Your instructions:
Look through the material below and show every line with the word "auto".

::::::::::

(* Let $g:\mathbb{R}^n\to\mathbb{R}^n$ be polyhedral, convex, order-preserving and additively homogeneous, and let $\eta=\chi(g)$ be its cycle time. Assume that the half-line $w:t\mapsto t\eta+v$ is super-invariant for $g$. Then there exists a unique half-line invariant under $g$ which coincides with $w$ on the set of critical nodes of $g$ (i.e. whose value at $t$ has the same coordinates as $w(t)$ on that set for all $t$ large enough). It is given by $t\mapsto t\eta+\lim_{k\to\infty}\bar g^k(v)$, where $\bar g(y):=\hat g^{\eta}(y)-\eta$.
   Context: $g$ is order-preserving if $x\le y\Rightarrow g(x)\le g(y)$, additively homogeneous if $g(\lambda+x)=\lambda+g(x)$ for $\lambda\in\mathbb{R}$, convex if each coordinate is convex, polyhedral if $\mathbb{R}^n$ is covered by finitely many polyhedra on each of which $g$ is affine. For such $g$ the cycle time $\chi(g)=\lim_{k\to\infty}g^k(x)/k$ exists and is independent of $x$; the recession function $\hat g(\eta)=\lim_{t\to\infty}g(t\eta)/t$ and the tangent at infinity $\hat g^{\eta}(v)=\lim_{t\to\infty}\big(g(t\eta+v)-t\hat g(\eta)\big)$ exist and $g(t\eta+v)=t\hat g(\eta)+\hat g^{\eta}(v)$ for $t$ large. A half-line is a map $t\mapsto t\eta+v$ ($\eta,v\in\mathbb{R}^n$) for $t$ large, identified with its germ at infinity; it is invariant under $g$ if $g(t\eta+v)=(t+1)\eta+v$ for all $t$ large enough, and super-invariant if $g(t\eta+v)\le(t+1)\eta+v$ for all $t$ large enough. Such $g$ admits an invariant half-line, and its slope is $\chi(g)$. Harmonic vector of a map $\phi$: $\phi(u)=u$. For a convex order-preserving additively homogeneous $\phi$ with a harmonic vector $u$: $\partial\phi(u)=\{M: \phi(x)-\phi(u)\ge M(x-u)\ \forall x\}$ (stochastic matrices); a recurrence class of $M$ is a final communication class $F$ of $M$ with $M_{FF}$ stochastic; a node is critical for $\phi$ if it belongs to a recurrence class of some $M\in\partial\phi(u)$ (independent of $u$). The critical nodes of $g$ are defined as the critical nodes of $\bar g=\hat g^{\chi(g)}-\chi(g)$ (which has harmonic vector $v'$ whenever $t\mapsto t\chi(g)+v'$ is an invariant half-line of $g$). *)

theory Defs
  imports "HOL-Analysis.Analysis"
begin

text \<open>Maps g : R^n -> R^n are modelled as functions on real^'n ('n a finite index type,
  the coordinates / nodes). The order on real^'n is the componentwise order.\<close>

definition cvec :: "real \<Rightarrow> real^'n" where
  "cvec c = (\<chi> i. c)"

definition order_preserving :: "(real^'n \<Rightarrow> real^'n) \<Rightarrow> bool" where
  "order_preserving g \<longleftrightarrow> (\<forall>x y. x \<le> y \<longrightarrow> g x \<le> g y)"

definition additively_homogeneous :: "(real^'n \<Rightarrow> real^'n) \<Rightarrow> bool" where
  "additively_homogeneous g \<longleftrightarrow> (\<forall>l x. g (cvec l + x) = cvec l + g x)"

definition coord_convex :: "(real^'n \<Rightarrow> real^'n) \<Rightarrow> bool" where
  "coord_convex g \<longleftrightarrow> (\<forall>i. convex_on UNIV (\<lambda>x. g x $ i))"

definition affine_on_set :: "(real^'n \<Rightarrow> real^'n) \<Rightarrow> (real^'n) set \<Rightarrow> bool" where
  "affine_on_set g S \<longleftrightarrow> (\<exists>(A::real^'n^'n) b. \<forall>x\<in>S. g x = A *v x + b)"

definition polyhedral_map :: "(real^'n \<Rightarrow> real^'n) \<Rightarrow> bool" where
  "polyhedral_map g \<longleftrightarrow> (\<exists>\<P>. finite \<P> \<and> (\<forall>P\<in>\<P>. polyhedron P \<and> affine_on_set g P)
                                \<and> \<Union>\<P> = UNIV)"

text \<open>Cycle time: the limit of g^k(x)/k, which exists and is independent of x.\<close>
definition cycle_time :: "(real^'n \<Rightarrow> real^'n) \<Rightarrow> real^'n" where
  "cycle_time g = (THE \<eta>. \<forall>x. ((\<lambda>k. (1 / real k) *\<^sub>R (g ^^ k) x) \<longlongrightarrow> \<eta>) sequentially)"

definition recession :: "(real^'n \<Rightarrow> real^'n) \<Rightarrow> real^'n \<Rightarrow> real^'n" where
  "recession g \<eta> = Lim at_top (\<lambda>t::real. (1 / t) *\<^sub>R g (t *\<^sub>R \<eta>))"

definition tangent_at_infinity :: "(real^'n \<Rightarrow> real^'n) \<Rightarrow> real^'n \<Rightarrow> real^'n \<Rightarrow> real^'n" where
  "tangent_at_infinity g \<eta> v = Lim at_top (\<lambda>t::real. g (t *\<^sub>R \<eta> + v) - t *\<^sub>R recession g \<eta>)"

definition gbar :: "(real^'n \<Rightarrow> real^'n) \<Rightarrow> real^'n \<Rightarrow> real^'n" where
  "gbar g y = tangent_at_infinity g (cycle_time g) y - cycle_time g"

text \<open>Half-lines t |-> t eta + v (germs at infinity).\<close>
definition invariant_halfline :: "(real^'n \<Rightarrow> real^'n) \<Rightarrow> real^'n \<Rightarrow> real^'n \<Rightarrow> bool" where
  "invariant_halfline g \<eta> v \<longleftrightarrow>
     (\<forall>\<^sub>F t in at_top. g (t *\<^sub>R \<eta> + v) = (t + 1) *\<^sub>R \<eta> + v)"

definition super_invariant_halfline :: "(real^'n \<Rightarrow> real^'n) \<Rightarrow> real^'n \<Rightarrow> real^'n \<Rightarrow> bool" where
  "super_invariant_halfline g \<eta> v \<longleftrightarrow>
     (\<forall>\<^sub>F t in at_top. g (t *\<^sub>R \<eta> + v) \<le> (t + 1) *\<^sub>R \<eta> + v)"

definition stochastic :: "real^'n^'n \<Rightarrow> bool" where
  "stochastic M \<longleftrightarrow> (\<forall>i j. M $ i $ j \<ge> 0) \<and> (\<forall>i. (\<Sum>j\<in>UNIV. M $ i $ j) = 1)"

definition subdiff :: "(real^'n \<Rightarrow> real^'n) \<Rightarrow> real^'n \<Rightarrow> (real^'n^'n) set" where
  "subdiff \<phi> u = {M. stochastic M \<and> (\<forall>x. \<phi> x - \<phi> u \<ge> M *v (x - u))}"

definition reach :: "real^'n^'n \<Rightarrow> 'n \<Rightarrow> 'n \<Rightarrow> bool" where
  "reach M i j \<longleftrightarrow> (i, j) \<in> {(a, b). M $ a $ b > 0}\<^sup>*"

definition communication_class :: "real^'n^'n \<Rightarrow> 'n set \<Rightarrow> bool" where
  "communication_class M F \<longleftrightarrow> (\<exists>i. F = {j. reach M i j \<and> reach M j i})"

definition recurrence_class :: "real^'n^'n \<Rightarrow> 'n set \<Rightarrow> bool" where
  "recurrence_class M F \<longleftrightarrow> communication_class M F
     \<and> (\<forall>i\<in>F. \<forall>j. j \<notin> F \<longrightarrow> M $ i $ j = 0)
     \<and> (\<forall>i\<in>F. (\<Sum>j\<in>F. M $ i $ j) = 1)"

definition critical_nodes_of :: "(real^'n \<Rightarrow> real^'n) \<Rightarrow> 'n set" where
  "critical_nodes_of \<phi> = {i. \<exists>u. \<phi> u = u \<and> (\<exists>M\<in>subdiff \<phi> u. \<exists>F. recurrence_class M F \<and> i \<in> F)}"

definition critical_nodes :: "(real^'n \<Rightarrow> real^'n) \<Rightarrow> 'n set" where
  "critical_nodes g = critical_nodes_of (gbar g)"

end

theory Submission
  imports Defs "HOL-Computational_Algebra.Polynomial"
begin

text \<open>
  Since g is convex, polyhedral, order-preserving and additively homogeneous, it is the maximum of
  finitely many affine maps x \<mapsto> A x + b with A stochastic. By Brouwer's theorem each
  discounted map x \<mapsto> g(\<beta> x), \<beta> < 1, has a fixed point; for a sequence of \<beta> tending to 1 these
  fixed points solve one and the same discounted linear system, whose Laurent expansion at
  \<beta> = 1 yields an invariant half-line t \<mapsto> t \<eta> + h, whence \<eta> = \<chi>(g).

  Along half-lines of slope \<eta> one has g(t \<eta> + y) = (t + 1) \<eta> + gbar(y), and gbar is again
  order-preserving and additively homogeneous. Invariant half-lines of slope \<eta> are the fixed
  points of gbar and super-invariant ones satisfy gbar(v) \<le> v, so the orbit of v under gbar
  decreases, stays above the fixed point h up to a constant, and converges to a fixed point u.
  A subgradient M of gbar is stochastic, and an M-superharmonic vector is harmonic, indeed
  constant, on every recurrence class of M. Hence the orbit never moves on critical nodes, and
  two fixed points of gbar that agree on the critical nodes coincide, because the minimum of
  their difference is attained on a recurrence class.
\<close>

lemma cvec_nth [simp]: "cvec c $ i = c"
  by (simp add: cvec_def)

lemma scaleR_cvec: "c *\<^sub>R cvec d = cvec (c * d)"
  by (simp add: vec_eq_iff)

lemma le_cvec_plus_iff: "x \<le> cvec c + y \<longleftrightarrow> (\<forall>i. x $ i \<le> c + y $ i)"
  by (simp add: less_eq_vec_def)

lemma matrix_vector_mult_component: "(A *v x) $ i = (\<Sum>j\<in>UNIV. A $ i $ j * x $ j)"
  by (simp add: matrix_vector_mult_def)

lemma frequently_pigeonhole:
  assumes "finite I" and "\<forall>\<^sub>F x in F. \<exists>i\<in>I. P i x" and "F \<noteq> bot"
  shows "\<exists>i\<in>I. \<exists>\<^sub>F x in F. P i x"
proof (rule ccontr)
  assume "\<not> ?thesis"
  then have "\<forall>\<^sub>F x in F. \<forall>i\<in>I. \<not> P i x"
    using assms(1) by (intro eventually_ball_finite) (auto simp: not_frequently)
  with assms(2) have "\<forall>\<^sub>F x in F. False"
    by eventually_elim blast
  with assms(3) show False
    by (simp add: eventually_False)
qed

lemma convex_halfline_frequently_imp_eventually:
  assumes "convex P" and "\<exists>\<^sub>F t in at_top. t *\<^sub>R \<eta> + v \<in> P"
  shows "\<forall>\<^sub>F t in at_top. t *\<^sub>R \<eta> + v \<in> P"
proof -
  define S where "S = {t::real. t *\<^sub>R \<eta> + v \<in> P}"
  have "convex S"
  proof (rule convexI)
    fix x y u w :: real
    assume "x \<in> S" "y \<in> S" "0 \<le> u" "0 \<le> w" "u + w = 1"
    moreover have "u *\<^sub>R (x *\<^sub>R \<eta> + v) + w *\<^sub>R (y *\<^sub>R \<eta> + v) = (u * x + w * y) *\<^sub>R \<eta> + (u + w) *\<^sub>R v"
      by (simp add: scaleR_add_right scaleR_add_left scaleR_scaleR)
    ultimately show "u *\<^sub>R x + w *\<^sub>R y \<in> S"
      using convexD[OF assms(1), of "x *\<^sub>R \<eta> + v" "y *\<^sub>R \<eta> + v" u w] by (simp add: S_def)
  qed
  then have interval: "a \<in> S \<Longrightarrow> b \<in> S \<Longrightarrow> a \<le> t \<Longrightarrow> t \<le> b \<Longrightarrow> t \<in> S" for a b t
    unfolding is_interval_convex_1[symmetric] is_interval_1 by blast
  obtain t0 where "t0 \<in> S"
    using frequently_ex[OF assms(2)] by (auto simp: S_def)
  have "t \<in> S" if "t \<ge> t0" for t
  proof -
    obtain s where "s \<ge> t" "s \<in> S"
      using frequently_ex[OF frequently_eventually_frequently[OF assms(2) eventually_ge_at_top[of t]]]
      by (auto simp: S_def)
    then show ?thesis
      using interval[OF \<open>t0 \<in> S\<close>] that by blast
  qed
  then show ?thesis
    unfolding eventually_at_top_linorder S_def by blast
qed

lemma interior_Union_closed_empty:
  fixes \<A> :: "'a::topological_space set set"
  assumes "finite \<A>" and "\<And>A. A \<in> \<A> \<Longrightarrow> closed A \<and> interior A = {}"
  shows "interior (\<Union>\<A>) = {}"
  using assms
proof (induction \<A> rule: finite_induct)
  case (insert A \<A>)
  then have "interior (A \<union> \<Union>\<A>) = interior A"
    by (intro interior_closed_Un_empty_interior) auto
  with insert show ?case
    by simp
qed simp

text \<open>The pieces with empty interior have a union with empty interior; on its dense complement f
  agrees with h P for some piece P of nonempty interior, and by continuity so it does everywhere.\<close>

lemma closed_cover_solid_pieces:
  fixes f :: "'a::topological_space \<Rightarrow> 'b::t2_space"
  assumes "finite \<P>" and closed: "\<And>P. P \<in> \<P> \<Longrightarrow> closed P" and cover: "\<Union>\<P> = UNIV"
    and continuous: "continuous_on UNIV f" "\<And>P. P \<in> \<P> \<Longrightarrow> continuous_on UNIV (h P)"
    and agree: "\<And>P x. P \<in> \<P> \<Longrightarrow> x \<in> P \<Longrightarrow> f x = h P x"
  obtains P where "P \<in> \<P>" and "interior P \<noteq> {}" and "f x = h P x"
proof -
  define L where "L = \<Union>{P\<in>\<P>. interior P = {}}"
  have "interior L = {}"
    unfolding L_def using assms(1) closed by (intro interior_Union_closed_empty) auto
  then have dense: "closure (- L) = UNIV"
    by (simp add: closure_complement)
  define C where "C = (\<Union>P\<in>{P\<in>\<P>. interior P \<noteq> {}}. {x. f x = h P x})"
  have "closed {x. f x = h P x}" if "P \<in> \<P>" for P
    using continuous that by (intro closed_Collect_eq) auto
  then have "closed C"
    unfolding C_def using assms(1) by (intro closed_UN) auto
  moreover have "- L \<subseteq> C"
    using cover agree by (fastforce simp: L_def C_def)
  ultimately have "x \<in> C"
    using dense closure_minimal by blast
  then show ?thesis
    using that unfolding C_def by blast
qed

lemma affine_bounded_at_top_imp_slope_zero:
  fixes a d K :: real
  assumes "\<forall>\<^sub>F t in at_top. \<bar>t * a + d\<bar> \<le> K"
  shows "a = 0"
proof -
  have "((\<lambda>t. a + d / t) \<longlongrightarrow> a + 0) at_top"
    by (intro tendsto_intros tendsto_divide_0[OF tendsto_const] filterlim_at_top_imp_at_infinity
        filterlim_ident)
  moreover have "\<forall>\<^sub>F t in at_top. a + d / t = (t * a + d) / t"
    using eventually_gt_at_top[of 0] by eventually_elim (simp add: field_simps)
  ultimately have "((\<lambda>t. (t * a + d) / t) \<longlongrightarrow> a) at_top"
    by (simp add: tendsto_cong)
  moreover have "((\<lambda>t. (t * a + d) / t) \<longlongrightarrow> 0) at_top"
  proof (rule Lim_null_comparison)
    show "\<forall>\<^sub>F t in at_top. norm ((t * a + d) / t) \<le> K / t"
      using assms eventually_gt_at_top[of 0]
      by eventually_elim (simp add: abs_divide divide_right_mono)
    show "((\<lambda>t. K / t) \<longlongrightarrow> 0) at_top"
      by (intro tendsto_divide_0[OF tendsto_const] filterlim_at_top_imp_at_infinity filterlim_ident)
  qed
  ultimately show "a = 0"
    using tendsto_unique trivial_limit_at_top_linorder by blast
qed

::::::::::

Solution to the problem:
    using assms(1) by (intro eventually_ball_finite) (auto simp: not_frequently)
    using frequently_ex[OF assms(2)] by (auto simp: S_def)
      by (auto simp: S_def)
    by (intro interior_closed_Un_empty_interior) auto
    unfolding L_def using assms(1) closed by (intro interior_Union_closed_empty) auto
    using continuous that by (intro closed_Collect_eq) auto
    unfolding C_def using assms(1) by (intro closed_UN) auto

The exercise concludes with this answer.